Upstream: Searching for Wild Salmon, from River to Table

Wild food authority Langdon Cook (Fat of the Land; The Mushroom Hunters) has something to teach people who think of salmon as an easy-to-find, easy-to-cook red meat alternative. A captivating history of the ways of wild salmon, Upstream reveals the distinctions between sockeye, chinook, king, steelhead, pink, coho, rainbow, etc.--and their habitats--for those who might one day stand in line at Seattle's Pike Place Market, waiting on the first catch of Alaska's Copper River kings ("along with Bluefin tuna, it's the most in-demand fish on the planet").

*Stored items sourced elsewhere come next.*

(* Let $P\subset\mathbb{R}^d$ be a polytope that multi-tiles $\mathbb{R}^d$ under $\mathcal{G}$, i.e. $\sum_{g\in\mathcal{G}}1_P(gx)=m$ for almost every $x\in\mathbb{R}^d$, for some integer $m$. Then the function $f_P(x)=\sum_{g\in\mathcal{G}}\omega_P(gx)$ is constant on $T=\{(x_1,\dots,x_d)\in\mathbb{R}^d: 0\le x_1\le\dots\le x_d\le 1/2\}$, equal to $|\mathcal{W}|\operatorname{vol}(P)$.
   Context: $\mathcal{W}$ is the group of linear maps of $\mathbb{R}^d$ generated by the reflections in the coordinate hyperplanes and all permutations of coordinates ($|\mathcal{W}|=2^d d!$); $\mathcal{G}$ is the group generated by $\mathcal{W}$ and all translations by vectors of $\mathbb{Z}^d$. $1_P$ is the indicator function of $P$, and $\omega_P(x)=\operatorname{vol}(B(x,r)\cap P)/\operatorname{vol}(B(x,r))$ for all sufficiently small $r>0$. *)

theory Defs
  imports "HOL-Analysis.Analysis"
begin

text \<open>Points of R^d are vectors of type real^'n with d = CARD('n).\<close>

definition coord_reflection :: "'n::finite \<Rightarrow> (real^'n \<Rightarrow> real^'n)" where
  "coord_reflection k = (\<lambda>x. \<chi> i. if i = k then - (x $ i) else x $ i)"

definition coord_permutation :: "('n::finite \<Rightarrow> 'n) \<Rightarrow> (real^'n \<Rightarrow> real^'n)" where
  "coord_permutation \<sigma> = (\<lambda>x. \<chi> i. x $ (\<sigma> i))"

definition int_translation :: "real^'n::finite \<Rightarrow> (real^'n \<Rightarrow> real^'n)" where
  "int_translation v = (\<lambda>x. x + v)"

text \<open>The group W generated by reflections in coordinate hyperplanes and permutations
  of coordinates (all generators have finite order, so the generated monoid is the group).\<close>
inductive_set Wgroup :: "(real^'n::finite \<Rightarrow> real^'n) set" where
  W_id: "id \<in> Wgroup"
| W_refl: "g \<in> Wgroup \<Longrightarrow> coord_reflection k \<circ> g \<in> Wgroup"
| W_perm: "g \<in> Wgroup \<Longrightarrow> \<sigma> permutes UNIV \<Longrightarrow> coord_permutation \<sigma> \<circ> g \<in> Wgroup"

inductive_set Ggroup :: "(real^'n::finite \<Rightarrow> real^'n) set" where
  G_id: "id \<in> Ggroup"
| G_W: "g \<in> Ggroup \<Longrightarrow> w \<in> Wgroup \<Longrightarrow> w \<circ> g \<in> Ggroup"
| G_trans: "g \<in> Ggroup \<Longrightarrow> (\<forall>i. v $ i \<in> \<int>) \<Longrightarrow> int_translation v \<circ> g \<in> Ggroup"

definition gen_polytope :: "(real^'n::finite) set \<Rightarrow> bool" where
  "gen_polytope P \<longleftrightarrow> (\<exists>\<F>. finite \<F> \<and> (\<forall>S\<in>\<F>. polytope S) \<and> P = \<Union>\<F>)"

definition local_density :: "(real^'n::finite) set \<Rightarrow> real^'n \<Rightarrow> real" where
  "local_density P x = (THE c. \<exists>e>0. \<forall>r. 0 < r \<and> r < e \<longrightarrow>
      measure lebesgue (ball x r \<inter> P) / measure lebesgue (ball x r) = c)"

Cook travels the Pacific Northwest to interview the anglers, fishmongers, environmental activists and bureaucrats involved in the major salmon river systems like British Columbia's Fraser, Washington's Columbia, California's San Joaquin and Idaho's Snake. He dons his Carhartts to work on the boats with commercial crews pursuing their catch with gill nets, reef nets and purse seines. He slips on waders to roll-cast for steelheads with a professional sport-fishing guide. Near the Cascade River's Bridge of the Gods, he listens to a Native American leader celebrate the salmon's role "as sacred to our religion, to our language, to our tradition and custom." Recognizing the myriad demands on the fragile wild salmon ecosystem, Cook tells a balanced and entertaining story of the challenges to preserving this millennia-old source of human sustenance and inspiration with its "strength, beauty, resilience... [and] a willingness to fight upstream." Happily, he also clearly enjoys a good day fly-fishing, followed by a perfectly cooked wild salmon fillet. --Bruce Jacobs, founding partner, Watermark Books & Cafe, Wichita, Kan.